I'm really liking the em3ev 52v 721wh battery by the way, particular the Bluetooth BMS that tells you the exact state of the battery (voltage, balance status, charge percentage, energy remaining etc.).

Regarding waterproofing, I read people have used the lcd in the rain without any issue. I'll think I'll just take a chance there. I did manage to get a drip loop for the motor, but it does extend away from the axle a touch. I'm thinking of just having a big plastic bag to cover the controller/connectors etc in the bag, open at the bottom for airflow, big enough to prevent water coming down from above through the bag.
 
So after ~1500kms of reliable service I managed to damage the Q100C motor by pushing a bit too much power into it. Normally I would never run the motor at sustained powers in excess of 450watts, however I was running late and so ran it at ~900watts for 10 minutes or so. In hindsight this was a bad decision!

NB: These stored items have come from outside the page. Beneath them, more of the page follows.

(* Let $\Phi$ be a real $C^1$-function on an open interval $J$ and let $\mathsf b>0$. Let $\Gamma_\Phi$ be the family of curves in the curvilinear rectangle $R_{J,\Phi,\mathsf b}=\{x+iy: y\in J,\ x\in(\Phi(y),\Phi(y)+\mathsf b)\}$ which join its two horizontal sides. Suppose $|\Phi'|\le C$ on $J$. Then $$\lambda(\Gamma_\Phi)\le(1+C^2)\,\lambda(\Gamma_0),$$ where $\Gamma_0$ is the family corresponding to the function identically equal to zero.
   Context: Ahlfors' extremal length of a family $\Gamma$ of (unions of countably many locally rectifiable) curves: for a non-negative measurable function $\varrho$ on $\mathbb{C}$ let $A(\varrho)=\iint\varrho^2\,dx\,dy$, $L_\gamma(\varrho)=\int_\gamma\varrho|dz|$ (set to $\infty$ if $\varrho$ is not measurable on $\gamma$ with respect to arc length), $L(\varrho)=\inf_{\gamma\in\Gamma}L_\gamma(\varrho)$; then $\lambda(\Gamma)=\sup_\varrho L(\varrho)^2/A(\varrho)$ over $\varrho$ with $0<A(\varrho)<\infty$. The horizontal sides of $R_{J,\Phi,\mathsf b}$ are the curves $\{x+iy: x\in(\Phi(y),\Phi(y)+\mathsf b)\}$ for $y$ the endpoints of $J$. *)

theory Defs
  imports "HOL-Analysis.Analysis"
begin

definition curve_var :: "(real \<Rightarrow> complex) \<Rightarrow> real \<Rightarrow> real \<Rightarrow> ennreal" where
  "curve_var \<gamma> u v =
     (SUP (n, t) \<in> {(n::nat, t::nat \<Rightarrow> real). t 0 = u \<and> t n = v \<and> (\<forall>i<n. t i \<le> t (Suc i))}.
        ennreal (\<Sum>i<n. cmod (\<gamma> (t (Suc i)) - \<gamma> (t i))))"

definition arclen_fun :: "(real \<Rightarrow> complex) \<Rightarrow> real \<Rightarrow> real \<Rightarrow> real \<Rightarrow> real" where
  "arclen_fun \<gamma> u v t = enn2real (curve_var \<gamma> u (max u (min v t)))"

definition arclen_measure :: "(real \<Rightarrow> complex) \<Rightarrow> real \<Rightarrow> real \<Rightarrow> real measure" where
  "arclen_measure \<gamma> u v = completion (interval_measure (arclen_fun \<gamma> u v))"

definition loc_rectifiable :: "(real \<Rightarrow> complex) \<Rightarrow> bool" where
  "loc_rectifiable \<gamma> \<longleftrightarrow> (\<forall>u v. 0 < u \<longrightarrow> u \<le> v \<longrightarrow> v < 1 \<longrightarrow> curve_var \<gamma> u v < \<infinity>)"

(* L_gamma(rho) = int_gamma rho |dz|, infinity if rho is not arc-length measurable on gamma *)
definition curve_rho_length :: "(complex \<Rightarrow> real) \<Rightarrow> (real \<Rightarrow> complex) \<Rightarrow> ennreal" where
  "curve_rho_length \<rho> \<gamma> =
     (if (\<forall>u v. 0 < u \<longrightarrow> u \<le> v \<longrightarrow> v < 1 \<longrightarrow>
            (\<lambda>t. \<rho> (\<gamma> t)) \<in> borel_measurable (arclen_measure \<gamma> u v))
      then (SUP (u, v) \<in> {(u, v). 0 < u \<and> u \<le> v \<and> v < 1}.
              \<integral>\<^sup>+ t. ennreal (\<rho> (\<gamma> t)) \<partial>(arclen_measure \<gamma> u v))
      else \<infinity>)"

definition rho_area :: "(complex \<Rightarrow> real) \<Rightarrow> ennreal" where
  "rho_area \<rho> = (\<integral>\<^sup>+ z. ennreal ((\<rho> z)\<^sup>2) \<partial>lebesgue)"

definition family_rho_length :: "(real \<Rightarrow> complex) set \<Rightarrow> (complex \<Rightarrow> real) \<Rightarrow> ennreal" where
  "family_rho_length \<Gamma> \<rho> = (INF \<gamma> \<in> \<Gamma>. curve_rho_length \<rho> \<gamma>)"

definition admissible_metric :: "(complex \<Rightarrow> real) \<Rightarrow> bool" where
  "admissible_metric \<rho> \<longleftrightarrow> (\<forall>z. 0 \<le> \<rho> z) \<and> \<rho> \<in> borel_measurable lebesgue
      \<and> 0 < rho_area \<rho> \<and> rho_area \<rho> < \<infinity>"

definition extremal_length :: "(real \<Rightarrow> complex) set \<Rightarrow> ennreal" where
  "extremal_length \<Gamma> =
     (SUP \<rho> \<in> {\<rho>. admissible_metric \<rho>}. (family_rho_length \<Gamma> \<rho>)\<^sup>2 / rho_area \<rho>)"

definition curv_rect :: "real \<Rightarrow> real \<Rightarrow> (real \<Rightarrow> real) \<Rightarrow> real \<Rightarrow> complex set" where
  "curv_rect a1 a2 \<Phi> bb = {z. a1 < Im z \<and> Im z < a2 \<and> \<Phi> (Im z) < Re z \<and> Re z < \<Phi> (Im z) + bb}"

definition horiz_side :: "(real \<Rightarrow> real) \<Rightarrow> real \<Rightarrow> real \<Rightarrow> complex set" where
  "horiz_side \<Phi> bb y = {z. Im z = y \<and> \<Phi> y < Re z \<and> Re z < \<Phi> y + bb}"

definition joining_family :: "real \<Rightarrow> real \<Rightarrow> (real \<Rightarrow> real) \<Rightarrow> real \<Rightarrow> (real \<Rightarrow> complex) set" where
  "joining_family a1 a2 \<Phi> bb =
     {\<gamma>. continuous_on {0..1} \<gamma> \<and> loc_rectifiable \<gamma>
        \<and> (\<forall>t\<in>{0<..<1}. \<gamma> t \<in> curv_rect a1 a2 \<Phi> bb)
        \<and> ((\<gamma> 0 \<in> horiz_side \<Phi> bb a1 \<and> \<gamma> 1 \<in> horiz_side \<Phi> bb a2)
           \<or> (\<gamma> 0 \<in> horiz_side \<Phi> bb a2 \<and> \<gamma> 1 \<in> horiz_side \<Phi> bb a1))}"

end

(*
  For an admissible metric rho, every translate x + Phi(y) + iy, 0 < x < b, of the graph of Phi
  joins the horizontal sides of R, and along it |dz| <= sqrt(1 + C^2) dy because Phi is
  C-Lipschitz. Hence b L(rho) <= sqrt(1 + C^2) times the integral of rho over R, after averaging
  over x and undoing the area-preserving shear (x, y) |-> (x + Phi(y), y); Cauchy-Schwarz then
  gives L(rho)^2 / A(rho) <= (1 + C^2) |J| / b. Conversely rho = 1 on the straight rectangle
  shows that the extremal length of Gamma_0 is at least |J| / b, since every curve of Gamma_0
  has length at least |J|.
*)

theory Submission
  imports Defs
begin

section \<open>Variation of a curve\<close>

definition is_partition :: "real \<Rightarrow> real \<Rightarrow> nat \<Rightarrow> (nat \<Rightarrow> real) \<Rightarrow> bool" where
  "is_partition u v n t \<longleftrightarrow> t 0 = u \<and> t n = v \<and> (\<forall>i<n. t i \<le> t (Suc i))"

definition partition_sum :: "(real \<Rightarrow> complex) \<Rightarrow> nat \<Rightarrow> (nat \<Rightarrow> real) \<Rightarrow> real" where
  "partition_sum \<gamma> n t = (\<Sum>i<n. cmod (\<gamma> (t (Suc i)) - \<gamma> (t i)))"

lemma curve_var_eq_SUP_partition_sum:
  "curve_var \<gamma> u v = (SUP (n, t) \<in> {(n, t). is_partition u v n t}. ennreal (partition_sum \<gamma> n t))"
  unfolding curve_var_def is_partition_def partition_sum_def by simp

lemma partition_sum_le_curve_var:
  "is_partition u v n t \<Longrightarrow> ennreal (partition_sum \<gamma> n t) \<le> curve_var \<gamma> u v"
  unfolding curve_var_eq_SUP_partition_sum by (rule SUP_upper2[where i="(n, t)"]) auto

lemma curve_var_leI:
  "(\<And>n t. is_partition u v n t \<Longrightarrow> ennreal (partition_sum \<gamma> n t) \<le> X) \<Longrightarrow> curve_var \<gamma> u v \<le> X"
  unfolding curve_var_eq_SUP_partition_sum by (rule SUP_least) auto

lemma partition_sum_nonneg: "0 \<le> partition_sum \<gamma> n t"
  unfolding partition_sum_def by (auto intro: sum_nonneg)

lemma is_partition_mono:
  assumes "is_partition u v n t" "i \<le> j" "j \<le> n"
  shows "t i \<le> t j"
proof -
  have "\<And>k. k \<in> {..<n} \<Longrightarrow> t k \<le> t (Suc k)" using assms(1) by (auto simp: is_partition_def)
  then show ?thesis by (rule lift_Suc_mono_le_ivl[where N="{..<n}"]) (use assms(2,3) in auto)
qed

lemma is_partition_bounds:
  assumes "is_partition u v n t" "i \<le> n"
  shows "u \<le> t i" "t i \<le> v"
  using is_partition_mono[OF assms(1), of 0 i] is_partition_mono[OF assms(1), of i n] assms
  by (auto simp: is_partition_def)

lemma is_partition_trivial: "u \<le> v \<Longrightarrow> is_partition u v 1 (\<lambda>i. if i = 0 then u else v)"
  by (auto simp: is_partition_def)

lemma curve_var_ge_dist: "u \<le> v \<Longrightarrow> ennreal (cmod (\<gamma> v - \<gamma> u)) \<le> curve_var \<gamma> u v"
  using partition_sum_le_curve_var[OF is_partition_trivial, of u v \<gamma>] by (simp add: partition_sum_def)

lemma curve_var_same [simp]: "curve_var \<gamma> u u = 0"
proof -
  have "curve_var \<gamma> u u \<le> 0"
  proof (rule curve_var_leI)
    fix n t assume p: "is_partition u u n t"
    have "t i = u" if "i \<le> n" for i
      using is_partition_bounds[OF p that] by simp
    then have "partition_sum \<gamma> n t = 0"
      unfolding partition_sum_def by (simp add: sum.neutral)
    then show "ennreal (partition_sum \<gamma> n t) \<le> 0" by simp
  qed
  then show ?thesis by simp
qed

lemma curve_var_le_lipschitz:
  assumes "K-lipschitz_on {u..v} \<gamma>"
  shows "curve_var \<gamma> u v \<le> ennreal (K * (v - u))"
proof (rule curve_var_leI)
  fix n t assume p: "is_partition u v n t"
  have "partition_sum \<gamma> n t \<le> (\<Sum>i<n. K * (t (Suc i) - t i))"
    unfolding partition_sum_def
  proof (rule sum_mono)
    fix i assume "i \<in> {..<n}"
    then have "t i \<in> {u..v}" "t (Suc i) \<in> {u..v}" "t i \<le> t (Suc i)"
      using is_partition_bounds[OF p, of i] is_partition_bounds[OF p, of "Suc i"] p
      by (auto simp: is_partition_def)
    then show "cmod (\<gamma> (t (Suc i)) - \<gamma> (t i)) \<le> K * (t (Suc i) - t i)"
      using lipschitz_onD[OF assms] by (fastforce simp: dist_norm dist_real_def)
  qed
  also have "\<dots> = K * (v - u)"
    using p by (simp add: sum_distrib_left[symmetric] sum_lessThan_telescope is_partition_def)
  finally show "ennreal (partition_sum \<gamma> n t) \<le> ennreal (K * (v - u))" by (rule ennreal_leI)
qed

lemma sum_lessThan_add_split:
  fixes f :: "nat \<Rightarrow> 'a::comm_monoid_add"
  shows "(\<Sum>i<a+b. f i) = (\<Sum>i<a. f i) + (\<Sum>i<b. f (a+i))"
  by (induction b) (auto simp: add.assoc)

lemma is_partition_append:
  assumes p1: "is_partition u w n t" and p2: "is_partition w v m s"
  obtains r where "is_partition u v (n + m) r"
    "partition_sum \<gamma> (n + m) r = partition_sum \<gamma> n t + partition_sum \<gamma> m s"
proof -
  define r where "r i = (if i \<le> n then t i else s (i - n))" for i
  have r_shift: "r (n + j) = s j" for j
    using p1 p2 by (cases j) (auto simp: r_def is_partition_def)
  have "is_partition u v (n + m) r"
    unfolding is_partition_def
  proof (intro conjI allI impI)
    show "r 0 = u" using p1 by (simp add: r_def is_partition_def)
    show "r (n + m) = v" using r_shift[of m] p2 by (simp add: is_partition_def)
    fix i assume i: "i < n + m"
    show "r i \<le> r (Suc i)"
    proof (cases "i < n")
      case True then show ?thesis using p1 by (auto simp: r_def is_partition_def)
    next
      case False
      then obtain j where "i = n + j" "j < m" using i by (metis add_less_cancel_left le_iff_add not_less)
      then show ?thesis using r_shift[of j] r_shift[of "Suc j"] p2 by (auto simp: is_partition_def)
    qed
  qed
  moreover have "partition_sum \<gamma> (n + m) r = partition_sum \<gamma> n t + partition_sum \<gamma> m s"
    unfolding partition_sum_def sum_lessThan_add_split
    using r_shift by (auto simp: r_def intro!: sum.cong)
  ultimately show ?thesis by (rule that)
qed

text \<open>Splitting at \<open>w\<close> inserts \<open>w\<close> as a new point, so by the triangle inequality the sum can only grow.\<close>
lemma is_partition_split:
  assumes p: "is_partition u v n t" and w: "u \<le> w" "w \<le> v"
  obtains n1 t1 n2 t2 where "is_partition u w n1 t1" "is_partition w v n2 t2" "n1 \<le> n"
    "partition_sum \<gamma> n t \<le> partition_sum \<gamma> n1 t1 + partition_sum \<gamma> n2 t2"
proof (cases "w = u")
  case True
  have "is_partition u w 0 (\<lambda>_. u)" using True by (simp add: is_partition_def)
  moreover have "is_partition w v n t" using p True by simp
  ultimately show ?thesis by (rule that) (auto simp: partition_sum_def)
next
  case False
  then have uw: "u < w" using w by simp
  define j where "j = (LEAST j. w \<le> t j)"
  have tn: "w \<le> t n" using p w by (simp add: is_partition_def)
  have "j \<le> n" unfolding j_def by (rule Least_le) (rule tn)
  have wj: "w \<le> t j" unfolding j_def by (rule LeastI) (rule tn)
  have "j \<noteq> 0"
  proof
    assume "j = 0"
    with wj p uw show False by (simp add: is_partition_def)
  qed
  then obtain k where k: "j = Suc k" by (cases j) auto
  have tk: "t k < w"
    using not_less_Least[of k "\<lambda>j. w \<le> t j"] k by (simp add: j_def)
  obtain m where m: "n = Suc k + m" using \<open>j \<le> n\<close> k by (metis le_iff_add)
  define t1 where "t1 i = (if i \<le> k then t i else w)" for i
  define t2 where "t2 i = (if i = 0 then w else t (k + i))" for i
  have p1: "is_partition u w (Suc k) t1"
    using p tk m by (auto simp: is_partition_def t1_def less_Suc_eq)
  have p2: "is_partition w v (Suc m) t2"
    using p wj k m by (auto simp: is_partition_def t2_def)
  have s1: "partition_sum \<gamma> (Suc k) t1 =
      (\<Sum>i<k. cmod (\<gamma> (t (Suc i)) - \<gamma> (t i))) + cmod (\<gamma> w - \<gamma> (t k))"
    unfolding partition_sum_def by (auto simp: t1_def intro!: sum.cong)
  have s2: "partition_sum \<gamma> (Suc m) t2 = cmod (\<gamma> (t (Suc k)) - \<gamma> w)
      + (\<Sum>i<m. cmod (\<gamma> (t (Suc k + Suc i)) - \<gamma> (t (Suc k + i))))"
    unfolding partition_sum_def sum.lessThan_Suc_shift by (auto simp: t2_def intro!: sum.cong)
  have s: "partition_sum \<gamma> n t = (\<Sum>i<k. cmod (\<gamma> (t (Suc i)) - \<gamma> (t i)))
      + cmod (\<gamma> (t (Suc k)) - \<gamma> (t k))
      + (\<Sum>i<m. cmod (\<gamma> (t (Suc k + Suc i)) - \<gamma> (t (Suc k + i))))"
    unfolding partition_sum_def m sum_lessThan_add_split by simp
  have "cmod (\<gamma> (t (Suc k)) - \<gamma> (t k)) \<le> cmod (\<gamma> w - \<gamma> (t k)) + cmod (\<gamma> (t (Suc k)) - \<gamma> w)"
    using norm_triangle_ineq[of "\<gamma> w - \<gamma> (t k)" "\<gamma> (t (Suc k)) - \<gamma> w"] by simp
  then have "partition_sum \<gamma> n t \<le> partition_sum \<gamma> (Suc k) t1 + partition_sum \<gamma> (Suc m) t2"
    unfolding s s1 s2 by simp
  then show ?thesis using p1 p2 m by (intro that) auto
qed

Not long after the motor started making significantly more noise, however it was still driving the wheel ok. As I was at work I then had to ride it home, and I found that about 80% of the time when the motor was active it was in the 'noisy' state, however sometimes it seemed to run like normal (i.e. quiet). I also found it would sometimes not kick in at all, however starting and stopping peddling a few times (it's a pedal assist only setup, no throttle) would see it kick in again. It sounds thoroughly sick, and even if it could in theory limp on like this, I wouldn't be able to put up with it in practice.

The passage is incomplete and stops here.